**AVAILABLE RECORDS**.
• • • • • • •
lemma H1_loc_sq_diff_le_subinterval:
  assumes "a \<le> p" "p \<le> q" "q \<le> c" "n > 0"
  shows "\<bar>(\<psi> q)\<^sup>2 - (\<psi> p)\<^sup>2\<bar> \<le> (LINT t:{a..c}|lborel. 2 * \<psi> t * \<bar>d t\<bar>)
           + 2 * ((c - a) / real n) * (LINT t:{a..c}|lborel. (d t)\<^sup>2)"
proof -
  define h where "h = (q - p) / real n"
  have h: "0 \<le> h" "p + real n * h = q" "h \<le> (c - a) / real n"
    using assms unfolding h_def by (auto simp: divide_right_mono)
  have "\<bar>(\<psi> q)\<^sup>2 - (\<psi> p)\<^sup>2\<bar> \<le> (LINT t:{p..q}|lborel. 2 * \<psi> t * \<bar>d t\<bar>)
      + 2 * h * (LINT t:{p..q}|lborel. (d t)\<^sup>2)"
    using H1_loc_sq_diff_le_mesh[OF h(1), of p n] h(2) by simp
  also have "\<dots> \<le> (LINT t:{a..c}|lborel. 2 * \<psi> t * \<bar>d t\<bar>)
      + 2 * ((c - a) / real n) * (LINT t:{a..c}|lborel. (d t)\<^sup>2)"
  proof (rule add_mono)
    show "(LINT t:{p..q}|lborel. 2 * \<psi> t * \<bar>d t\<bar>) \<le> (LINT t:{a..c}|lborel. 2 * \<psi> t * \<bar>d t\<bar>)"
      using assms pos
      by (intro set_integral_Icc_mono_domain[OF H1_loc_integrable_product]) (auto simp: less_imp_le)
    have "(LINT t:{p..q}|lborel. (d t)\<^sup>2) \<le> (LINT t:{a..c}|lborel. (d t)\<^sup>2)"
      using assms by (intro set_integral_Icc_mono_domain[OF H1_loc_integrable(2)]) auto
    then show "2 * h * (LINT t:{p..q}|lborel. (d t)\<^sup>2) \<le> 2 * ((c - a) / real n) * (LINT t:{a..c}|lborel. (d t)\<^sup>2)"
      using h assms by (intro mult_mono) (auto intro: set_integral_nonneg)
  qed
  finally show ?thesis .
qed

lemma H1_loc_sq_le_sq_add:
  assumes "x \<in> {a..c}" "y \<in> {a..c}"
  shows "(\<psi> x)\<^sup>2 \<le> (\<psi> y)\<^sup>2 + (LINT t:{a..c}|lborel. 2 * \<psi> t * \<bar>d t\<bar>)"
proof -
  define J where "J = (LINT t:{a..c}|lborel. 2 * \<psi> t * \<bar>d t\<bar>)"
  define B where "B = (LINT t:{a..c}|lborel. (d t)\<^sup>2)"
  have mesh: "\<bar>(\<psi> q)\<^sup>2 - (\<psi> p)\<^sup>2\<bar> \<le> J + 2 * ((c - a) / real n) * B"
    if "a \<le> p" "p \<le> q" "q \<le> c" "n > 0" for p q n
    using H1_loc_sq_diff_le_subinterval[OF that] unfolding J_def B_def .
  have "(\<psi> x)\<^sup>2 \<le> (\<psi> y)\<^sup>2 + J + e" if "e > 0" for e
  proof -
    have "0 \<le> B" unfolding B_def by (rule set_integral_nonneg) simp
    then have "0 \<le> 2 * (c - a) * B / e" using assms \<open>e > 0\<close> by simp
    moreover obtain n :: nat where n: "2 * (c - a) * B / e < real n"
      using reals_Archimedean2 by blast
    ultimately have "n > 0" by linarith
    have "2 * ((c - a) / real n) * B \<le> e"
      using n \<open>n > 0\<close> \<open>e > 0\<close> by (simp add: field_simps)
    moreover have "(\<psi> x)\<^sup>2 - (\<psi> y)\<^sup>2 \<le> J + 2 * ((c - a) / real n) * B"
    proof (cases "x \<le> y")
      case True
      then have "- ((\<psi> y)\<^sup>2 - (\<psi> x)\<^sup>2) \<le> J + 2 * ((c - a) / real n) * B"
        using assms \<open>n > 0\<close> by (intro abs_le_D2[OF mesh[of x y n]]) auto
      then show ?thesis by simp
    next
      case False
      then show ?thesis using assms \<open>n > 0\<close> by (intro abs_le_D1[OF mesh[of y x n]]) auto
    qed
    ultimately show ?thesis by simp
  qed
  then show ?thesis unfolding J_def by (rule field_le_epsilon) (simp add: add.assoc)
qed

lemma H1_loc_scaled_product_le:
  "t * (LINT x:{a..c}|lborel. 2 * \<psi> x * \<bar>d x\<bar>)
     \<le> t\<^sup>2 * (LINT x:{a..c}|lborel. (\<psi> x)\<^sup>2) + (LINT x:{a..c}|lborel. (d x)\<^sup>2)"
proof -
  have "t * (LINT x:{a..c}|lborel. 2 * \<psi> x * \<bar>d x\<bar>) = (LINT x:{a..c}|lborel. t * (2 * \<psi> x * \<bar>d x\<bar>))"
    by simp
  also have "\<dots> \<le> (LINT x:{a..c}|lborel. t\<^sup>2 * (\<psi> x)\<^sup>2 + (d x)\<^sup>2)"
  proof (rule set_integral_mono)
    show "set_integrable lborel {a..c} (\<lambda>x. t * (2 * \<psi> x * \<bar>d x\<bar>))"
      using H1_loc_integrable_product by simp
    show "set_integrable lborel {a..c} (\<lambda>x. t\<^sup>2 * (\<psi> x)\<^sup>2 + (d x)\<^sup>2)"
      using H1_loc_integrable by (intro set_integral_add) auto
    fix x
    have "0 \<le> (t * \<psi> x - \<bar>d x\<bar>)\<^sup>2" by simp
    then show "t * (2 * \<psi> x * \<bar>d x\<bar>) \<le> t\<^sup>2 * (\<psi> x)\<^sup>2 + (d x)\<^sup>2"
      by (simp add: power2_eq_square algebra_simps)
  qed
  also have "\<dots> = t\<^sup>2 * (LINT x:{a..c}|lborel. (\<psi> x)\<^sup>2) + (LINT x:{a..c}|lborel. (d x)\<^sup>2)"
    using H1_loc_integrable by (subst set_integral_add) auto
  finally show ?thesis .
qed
• • • • • • •
Leaving every word in place, retype all of the listing.

**SOLVED PROBLEM**.
lemma H1_loc_sq_diff_le_subinterval:
  assumes "a \<le> p" "p \<le> q" "q \<le> c" "n > 0"
  shows "\<bar>(\<psi> q)\<^sup>2 - (\<psi> p)\<^sup>2\<bar> \<le> (LINT t:{a..c}|lborel. 2 * \<psi> t * \<bar>d t\<bar>)
           + 2 * ((c - a) / real n) * (LINT t:{a..c}|lborel. (d t)\<^sup>2)"
proof -
  define h where "h = (q - p) / real n"
  have h: "0 \<le> h" "p + real n * h = q" "h \<le> (c - a) / real n"
    using assms unfolding h_def by (auto simp: divide_right_mono)
  have "\<bar>(\<psi> q)\<^sup>2 - (\<psi> p)\<^sup>2\<bar> \<le> (LINT t:{p..q}|lborel. 2 * \<psi> t * \<bar>d t\<bar>)
      + 2 * h * (LINT t:{p..q}|lborel. (d t)\<^sup>2)"
    using H1_loc_sq_diff_le_mesh[OF h(1), of p n] h(2) by simp
  also have "\<dots> \<le> (LINT t:{a..c}|lborel. 2 * \<psi> t * \<bar>d t\<bar>)
      + 2 * ((c - a) / real n) * (LINT t:{a..c}|lborel. (d t)\<^sup>2)"
  proof (rule add_mono)
    show "(LINT t:{p..q}|lborel. 2 * \<psi> t * \<bar>d t\<bar>) \<le> (LINT t:{a..c}|lborel. 2 * \<psi> t * \<bar>d t\<bar>)"
      using assms pos
      by (intro set_integral_Icc_mono_domain[OF H1_loc_integrable_product]) (auto simp: less_imp_le)
    have "(LINT t:{p..q}|lborel. (d t)\<^sup>2) \<le> (LINT t:{a..c}|lborel. (d t)\<^sup>2)"
      using assms by (intro set_integral_Icc_mono_domain[OF H1_loc_integrable(2)]) auto
    then show "2 * h * (LINT t:{p..q}|lborel. (d t)\<^sup>2) \<le> 2 * ((c - a) / real n) * (LINT t:{a..c}|lborel. (d t)\<^sup>2)"
      using h assms by (intro mult_mono) (auto intro: set_integral_nonneg)
  qed
  finally show ?thesis .
qed

lemma H1_loc_sq_le_sq_add:
  assumes "x \<in> {a..c}" "y \<in> {a..c}"
  shows "(\<psi> x)\<^sup>2 \<le> (\<psi> y)\<^sup>2 + (LINT t:{a..c}|lborel. 2 * \<psi> t * \<bar>d t\<bar>)"
proof -
  define J where "J = (LINT t:{a..c}|lborel. 2 * \<psi> t * \<bar>d t\<bar>)"
  define B where "B = (LINT t:{a..c}|lborel. (d t)\<^sup>2)"
  have mesh: "\<bar>(\<psi> q)\<^sup>2 - (\<psi> p)\<^sup>2\<bar> \<le> J + 2 * ((c - a) / real n) * B"
    if "a \<le> p" "p \<le> q" "q \<le> c" "n > 0" for p q n
    using H1_loc_sq_diff_le_subinterval[OF that] unfolding J_def B_def .
  have "(\<psi> x)\<^sup>2 \<le> (\<psi> y)\<^sup>2 + J + e" if "e > 0" for e
  proof -
    have "0 \<le> B" unfolding B_def by (rule set_integral_nonneg) simp
    then have "0 \<le> 2 * (c - a) * B / e" using assms \<open>e > 0\<close> by simp
    moreover obtain n :: nat where n: "2 * (c - a) * B / e < real n"
      using reals_Archimedean2 by blast
    ultimately have "n > 0" by linarith
    have "2 * ((c - a) / real n) * B \<le> e"
      using n \<open>n > 0\<close> \<open>e > 0\<close> by (simp add: field_simps)
    moreover have "(\<psi> x)\<^sup>2 - (\<psi> y)\<^sup>2 \<le> J + 2 * ((c - a) / real n) * B"
    proof (cases "x \<le> y")
      case True
      then have "- ((\<psi> y)\<^sup>2 - (\<psi> x)\<^sup>2) \<le> J + 2 * ((c - a) / real n) * B"
        using assms \<open>n > 0\<close> by (intro abs_le_D2[OF mesh[of x y n]]) auto
      then show ?thesis by simp
    next
      case False
      then show ?thesis using assms \<open>n > 0\<close> by (intro abs_le_D1[OF mesh[of y x n]]) auto
    qed
    ultimately show ?thesis by simp
  qed
  then show ?thesis unfolding J_def by (rule field_le_epsilon) (simp add: add.assoc)
qed

lemma H1_loc_scaled_product_le:
  "t * (LINT x:{a..c}|lborel. 2 * \<psi> x * \<bar>d x\<bar>)
     \<le> t\<^sup>2 * (LINT x:{a..c}|lborel. (\<psi> x)\<^sup>2) + (LINT x:{a..c}|lborel. (d x)\<^sup>2)"
proof -
  have "t * (LINT x:{a..c}|lborel. 2 * \<psi> x * \<bar>d x\<bar>) = (LINT x:{a..c}|lborel. t * (2 * \<psi> x * \<bar>d x\<bar>))"
    by simp
  also have "\<dots> \<le> (LINT x:{a..c}|lborel. t\<^sup>2 * (\<psi> x)\<^sup>2 + (d x)\<^sup>2)"
  proof (rule set_integral_mono)
    show "set_integrable lborel {a..c} (\<lambda>x. t * (2 * \<psi> x * \<bar>d x\<bar>))"
      using H1_loc_integrable_product by simp
    show "set_integrable lborel {a..c} (\<lambda>x. t\<^sup>2 * (\<psi> x)\<^sup>2 + (d x)\<^sup>2)"
      using H1_loc_integrable by (intro set_integral_add) auto
    fix x
    have "0 \<le> (t * \<psi> x - \<bar>d x\<bar>)\<^sup>2" by simp
    then show "t * (2 * \<psi> x * \<bar>d x\<bar>) \<le> t\<^sup>2 * (\<psi> x)\<^sup>2 + (d x)\<^sup>2"
      by (simp add: power2_eq_square algebra_simps)
  qed
  also have "\<dots> = t\<^sup>2 * (LINT x:{a..c}|lborel. (\<psi> x)\<^sup>2) + (LINT x:{a..c}|lborel. (d x)\<^sup>2)"
    using H1_loc_integrable by (subst set_integral_add) auto
  finally show ?thesis .
qed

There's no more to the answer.